提到"天下第一村",所有人都会脱口而出华西村,但在湖北嘉鱼县,藏着一个更"精悍"的隐形富豪地。

全组只有67户人家,却坐拥30多亿集体资产,在此地,别墅是标配,豪车不稀奇,不仅人人有股份,连读大学、养老都有集体买单。
这就是被称为"神州第一组"的官桥八组。
穷到连肥皂都要切开用
别看现在官桥八组富得流油,把时间倒推回40多年前,这里穷得让人心酸。
上世纪70年代末,这儿是全县出了名的"要饭组"。只有3.8平方公里的土地上,到处是荒山秃岭。老百姓住的是四面透风的土坯房,吃的是国家救济的返销粮。

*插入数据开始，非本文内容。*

lemma min_gen_std:
  assumes "N \<in> min_gens (Suc k) (monomials (Suc k) - std)"
  shows "N \<in> monomials (Suc k)" "N \<notin> std"
    and "\<And>i. i < Suc k \<Longrightarrow> N i > 0 \<Longrightarrow> N(i := N i - 1) \<in> std"
proof -
  show N: "N \<in> monomials (Suc k)" "N \<notin> std" using assms unfolding min_gens_def by auto
  show "N(i := N i - 1) \<in> std" if "i < Suc k" "N i > 0" for i
    using min_gens_lower_notin[OF assms that(2)] monomials_fun_upd[OF N(1) that(1)] by blast
qed

text \<open>In a rising degree the construction is a cone over the standard monomials of K0, so both
  monomials avoid the last variable and the almost revlex property of K0 applies.\<close>

lemma almost_revlex_rising:
  assumes N: "N \<in> min_gens (Suc k) (monomials (Suc k) - std)" and M: "M \<in> std"
    and deg: "mdeg (Suc k) M = d" "mdeg (Suc k) N = d" and rising: "rising d"
    and gt: "revlex_gt (Suc k) M N"
  shows False
proof -
  note N' = min_gen_std[OF N]
  have M': "M \<in> monomials (Suc k)" using M std_subset by blast
  have lower: "(N(i := N i - 1))(k := 0) \<in> std0" if "i < Suc k" "N i > 0" for i
  proof -
    have "rising (mdeg (Suc k) (N(i := N i - 1)))"
      using mdeg_lower[of i "Suc k" N] that deg(2) rising rising_downward by simp
    then show ?thesis using mem_std_rising N'(3)[OF that] monomials_fun_upd[OF N'(1) that(1)] by blast
  qed
  have "N k = 0"
  proof (rule ccontr)
    assume "N k \<noteq> 0"
    then have "N(k := 0) \<in> std0" using lower[of k] by simp
    then show False using N' mem_std_rising deg(2) rising by blast
  qed
  moreover have "M k = 0"
    using revlex_gt_last[of k N M] deg gt revlex_gt_asym \<open>N k = 0\<close> by fastforce
  ultimately have "M(k := 0) = M" "N(k := 0) = N" by auto
  then have Mk: "M \<in> monomials k" "M \<in> std0" and Nk: "N \<in> monomials k" "N \<in> K0"
    using monomials_Suc_fun_upd_last[OF M'] monomials_Suc_fun_upd_last[OF N'(1)]
      mem_std_rising[OF M'] mem_std_rising[OF N'(1)] M N'(2) deg rising
    unfolding std0_def by auto
  have "N \<in> min_gens k K0"
  proof (rule min_gensI_lower[OF K0_ideal Nk(2)])
    fix i assume "i < k" "N i > 0"
    then have "(N(i := N i - 1))(k := 0) = N(i := N i - 1)" using \<open>N k = 0\<close> by auto
    then show "N(i := N i - 1) \<notin> K0" using lower[of i] \<open>i < k\<close> \<open>N i > 0\<close> unfolding std0_def by simp
  qed
  then have "M \<in> K0"
    using K0_almost_revlex Mk(1) Nk(1) deg gt revlex_gt_Suc_iff mdeg_Suc_monomials
    unfolding almost_revlex_def by metis
  then show False using Mk(2) unfolding std0_def by simp
qed

lemma min_gen_lower_beyond_peak:
  assumes N: "N \<in> min_gens (Suc k) (monomials (Suc k) - std)" and deg: "mdeg (Suc k) N = d"
    and not_rising: "\<not> rising d" and i: "i < Suc k" "N i > 0"
  obtains c where "c \<in> peak_layer" "N(i := N i - 1) = mult_last (d - 1 - peak) c"
proof -
  have "mdeg (Suc k) (N(i := N i - 1)) = d - 1" using mdeg_lower[of i "Suc k" N] i deg by simp
  moreover have "peak \<le> d - 1" using peak_less[OF not_rising] by simp
  ultimately show ?thesis
    using std_beyond_peak_elim[OF not_rising min_gen_std(3)[OF N i]] that by blast
qed

text \<open>If the c below were in the peak layer it would have smaller rank than b, putting N into
  std; otherwise lowering the last exponent of N leaves std.\<close>

lemma min_gen_not_mult_last:
  assumes N: "N \<in> min_gens (Suc k) (monomials (Suc k) - std)" and deg: "mdeg (Suc k) N = d"
    and not_rising: "\<not> rising d"
    and b: "b \<in> peak_layer" "of_nat (peak_order.rank b) < h d"
    and bc: "revlex_gt (Suc k) b c" and Nc: "N = mult_last (d - peak) c"
  shows False
proof (cases "c \<in> peak_layer")
  case True
  then have "peak_order.rank c < peak_order.rank b" using peak_order.rank_less b(1) bc by blast
  then have "of_nat (peak_order.rank c) < h d" using b(2) by (meson of_nat_less_iff order.strict_trans)
  then have "N \<in> std" using mult_last_mem_std[OF not_rising True, of d] Nc peak_less[OF not_rising] by simp
  then show False using min_gen_std(2)[OF N] by simp
next
  case False
  have e: "d - peak \<le> N k" "d - peak \<ge> 1" using Nc peak_less[OF not_rising] by (auto simp: mult_last_last)
  then obtain c' where "c' \<in> peak_layer" "N(k := N k - 1) = mult_last (d - 1 - peak) c'"
    using min_gen_lower_beyond_peak[OF N deg not_rising, of k] by auto
  moreover have "(N(k := N k - 1))(k := N k - 1 - (d - 1 - peak)) = c"
    using Nc e unfolding mult_last_def by (auto simp: fun_eq_iff)
  ultimately show False using False mult_last_eq_iff by force
qed
(* Write [u] for the Gagliardo seminorm, so that I(u) = [u]^p/p + lam/q int |u^-|^q - a/p int |u^-|^p.
   Split |u^-| at a level M > 0:  |u^-|^p <= 2^p M^(p-q) |u^-|^q + 2^p h^p  with  h = (|u^-| - M)^+.
   Choosing M with a 2^p M^(p-q)/p = lam/q, the first term is absorbed by the lam-term.
   The function h is supported in {u < -M}, whose measure is at most C [u]^p / M^p by a
   Poincare inequality on the bounded set Omega, so for [u] small it is at most half the
   measure of a ball B_rho.  A function vanishing outside such a set satisfies
   int |h|^p <= 2 rho^(sp) / |B_1| [h]^p: where h(x) <> 0, the zeros of h in B_rho(x) already
   contribute |h(x)|^p |B_rho| / (2 rho^(N+sp)) to the kernel integral.  As [h] <= [u],
   choosing rho small bounds the a-term by [u]^p/(2p), whence I(u) >= [u]^p/(2p) > 0 = I(0). *)

lemma exists_pos_powr_eq:
  fixes c e :: real
  assumes "0 < c" and "e \<noteq> 0"
  obtains t where "0 < t" and "t powr e = c"
  using assms by (intro that[of "c powr (1 / e)"]) (simp_all add: powr_powr)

那时候日子有多苦?一个壮劳力拼死拼活干一天,工分折算下来只有9分钱。
村里的老人回忆起那段日子,眼泪都在眼眶里打转:"那时候想买块肥皂,都得把一分钱掰成两半花,实在没钱了,就上山砍柴去换油盐。"
贫穷像一座大山,压得67户人家喘不过气来。转机出现在1978年,27岁的周宝生被推选为组长。看着乡亲们面黄肌瘦的脸,这个年轻的退伍军人狠狠地拍了桌子:"不能再这么穷下去了,就是死也要闯出一条路!"
第一个敢吃螃蟹的人
周宝生的第一把火,烧在了土地上。

1979年,改革的春风刚刚吹起,大部分人还在观望,周宝生却带着村民搞起了"分组作业、联产计酬"。这在当时可是要把脑袋别在裤腰带上干的事儿。
效果立竿见影。当年,全组粮食产量就从20万斤猛增到33万斤,彻底摘掉了讨饭吃的帽子。
但周宝生心里清楚,光靠地里刨食,这辈子都别想住上楼房。
为了带大家搞钱,他盯上了没人看得上的"苍蝇肉"。他在镇上租了三间破房,带着村民开起了杂货铺、冰棒厂。
为了省钱,他们舍不得住旅馆,就在柜台上铺张草席睡觉;为了多卖几根冰棒,他们顶着烈日走街串巷。靠着这股子拼劲,第一年他们就攒下了7000块钱。这笔钱在当时,简直就是天文数字。

有了底气,周宝生的胆子更大了。他看准了当时紧缺的煤炭市场,集资办起了煤矿。这又是一次豪赌,赌赢了全村翻身,赌输了倾家荡产。
事实证明,他赌对了。煤矿投产当年就盈利9万多元。当周宝生把一沓沓钞票分到村民手里时,很多人的手都在抖,他们这辈子没见过这么多回头钱。
不但要富口袋,还要富脑袋
很多村子富了之后,往往会陷入"富不过三代"或者是"分配不均"的怪圈,但官桥八组没有。
秘密在于他们的"股份制"。

周宝生牵头成立了田野集团,把村里的煤矿、铸造厂、甚至山林鱼塘全部折价入股。在这个体系里,没有打工仔,人人都是股东。
不管是刚出生的婴儿,还是耄耋老人,只要是集体的一员,就有股份。大家心里都有本账:厂子是自己的,干坏了就是砸自己的饭碗。这种利益捆绑,让官桥八组像一台精密的机器,飞速运转了40年。
更让人佩服的是他们的眼光。
当别的暴发户忙着盖金碧辉煌的牌坊时,周宝生却带着村民在荒山上种树。1400亩杉树林,如今成了无价的生态宝藏。
当别人忙着分钱买车时,官桥八组却把钱砸进了教育。他们硬是把武汉大学东湖分校引到了家门口,让村里的孩子出门就能上大学。

在这个只有67户的小村组里,福利好到让人嫉妒:
孩子从出生到高中,每月发1000元成长金;
老人退休后,每月领2700元养老金;
看病全报销,水电气费全免。
"不仅要让村民口袋里有票子,更要让他们过得有尊严。"这才是官桥八组最核心的财富密码。

从人均年收入几十块,到如今集体资产30亿,官桥八组用40年时间证明了一个道理:真正的共同富裕,不是养懒汉,而是用制度激发每个人的潜能,让集体和个人相互成就。